Work to be completed:
Below are some entries. Repeat exactly the lines from the one with "case (Suc n)" through the one with "k (Suc (Suc n)))", and only those.

(Records from a dataset)

(* Let $k\geq 1$ be an integer and let $m,n$ be integers with $m\geq n\geq 0$. Then \[C_{k,m}C_{k,n+1}-C_{k,n}C_{k,m+1}=-8(k-1)^{n+1}\,B_{k,m-n}.\]
   Context: For an integer $k\geq 1$, the generalized balancing numbers are defined by $B_{k,0}=0$, $B_{k,1}=1$ and $B_{k,n}=3kB_{k,n-1}+(1-k)B_{k,n-2}$ for $n\geq 2$; the generalized balancing-Lucas numbers are defined by $C_{k,0}=1$, $C_{k,1}=3$ and $C_{k,n}=3kC_{k,n-1}+(1-k)C_{k,n-2}$ for $n\geq 2$. *)

theory Defs
  imports Main
begin

fun genB :: "int \<Rightarrow> nat \<Rightarrow> int" where
  "genB k 0 = 0"
| "genB k (Suc 0) = 1"
| "genB k (Suc (Suc n)) = 3 * k * genB k (Suc n) + (1 - k) * genB k n"

fun genC :: "int \<Rightarrow> nat \<Rightarrow> int" where
  "genC k 0 = 1"
| "genC k (Suc 0) = 3"
| "genC k (Suc (Suc n)) = 3 * k * genC k (Suc n) + (1 - k) * genC k n"

end

theory Submission
  imports Defs
begin

text \<open>Write \<open>C j\<close> for \<open>C\<^sub>k\<^sub>,\<^sub>j\<close> and put \<open>d = m - n\<close>. The left-hand side is the Casoratian of
  the two solutions \<open>j \<mapsto> C (j + d)\<close> and \<open>j \<mapsto> C j\<close> of the recurrence, taken at \<open>j = n\<close>.
  Each step multiplies such a Casoratian by \<open>-(1 - k) = k - 1\<close>, so it equals \<open>(k - 1)\<^sup>n\<close> times
  its value \<open>3 C d - C (d + 1)\<close> at \<open>j = 0\<close>; and \<open>3 C d - C (d + 1) = -8 (k - 1) B\<^sub>k\<^sub>,\<^sub>d\<close>
  because both sides solve the recurrence in \<open>d\<close>.\<close>

lemma casoratian_linear_recurrence:
  fixes x y :: "nat \<Rightarrow> 'a::comm_ring_1"
  assumes x_rec: "\<And>j. x (Suc (Suc j)) = a * x (Suc j) + b * x j"
    and y_rec: "\<And>j. y (Suc (Suc j)) = a * y (Suc j) + b * y j"
  shows "x n * y (Suc n) - y n * x (Suc n) = (- b) ^ n * (x 0 * y 1 - y 0 * x 1)"
proof (induction n)
  case 0
  then show ?case by simp
next
  case (Suc n)
  have "x (Suc n) * y (Suc (Suc n)) - y (Suc n) * x (Suc (Suc n))
      = - b * (x n * y (Suc n) - y n * x (Suc n))"
    unfolding x_rec y_rec by (simp add: algebra_simps)
  then show ?case
    using Suc.IH by simp
qed

lemma genC_casoratian_base:
  "3 * genC k d - genC k (Suc d) = - 8 * (k - 1) * genB k d"
proof (induction k d rule: genC.induct)
  case (3 k n)
  have "3 * genC k (Suc (Suc n)) - genC k (Suc (Suc (Suc n)))
      = 3 * k * (3 * genC k (Suc n) - genC k (Suc (Suc n)))
        + (1 - k) * (3 * genC k n - genC k (Suc n))"
    by (simp only: genC.simps) (simp add: algebra_simps)
  also have "\<dots> = - 8 * (k - 1) * genB k (Suc (Suc n))"
    unfolding "3.IH" by (simp add: algebra_simps)
  finally show ?case .
qed (simp_all add: algebra_simps)

theorem mainTheorem6:
  fixes k :: int and m n :: nat
  assumes "k \<ge> 1" and "m \<ge> n"
  shows "genC k m * genC k (n + 1) - genC k n * genC k (m + 1)
           = - 8 * (k - 1) ^ (n + 1) * genB k (m - n)"
proof -
  obtain d where m_eq: "m = n + d"
    using \<open>m \<ge> n\<close> le_Suc_ex by blast
  have "genC k (n + d) * genC k (Suc n) - genC k n * genC k (Suc n + d)
      = (k - 1) ^ n * (3 * genC k d - genC k (Suc d))"
    using casoratian_linear_recurrence[of "\<lambda>j. genC k (j + d)" "3 * k" "1 - k" "genC k" n]
    by (simp add: mult.commute)
  also have "\<dots> = (k - 1) ^ n * (- 8 * (k - 1) * genB k d)"
    unfolding genC_casoratian_base ..
  also have "\<dots> = - 8 * (k - 1) ^ (n + 1) * genB k d"
    by (simp only: power_Suc2 Suc_eq_plus1[symmetric] mult_ac)
  finally show ?thesis
    unfolding m_eq by simp
qed

end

Solution for this task:
  case (Suc n)
  have "x (Suc n) * y (Suc (Suc n)) - y (Suc n) * x (Suc (Suc n))
      = - b * (x n * y (Suc n) - y n * x (Suc n))"
    unfolding x_rec y_rec by (simp add: algebra_simps)
  then show ?case
    using Suc.IH by simp
qed

lemma genC_casoratian_base:
  "3 * genC k d - genC k (Suc d) = - 8 * (k - 1) * genB k d"
proof (induction k d rule: genC.induct)
  case (3 k n)
  have "3 * genC k (Suc (Suc n)) - genC k (Suc (Suc (Suc n)))
      = 3 * k * (3 * genC k (Suc n) - genC k (Suc (Suc n)))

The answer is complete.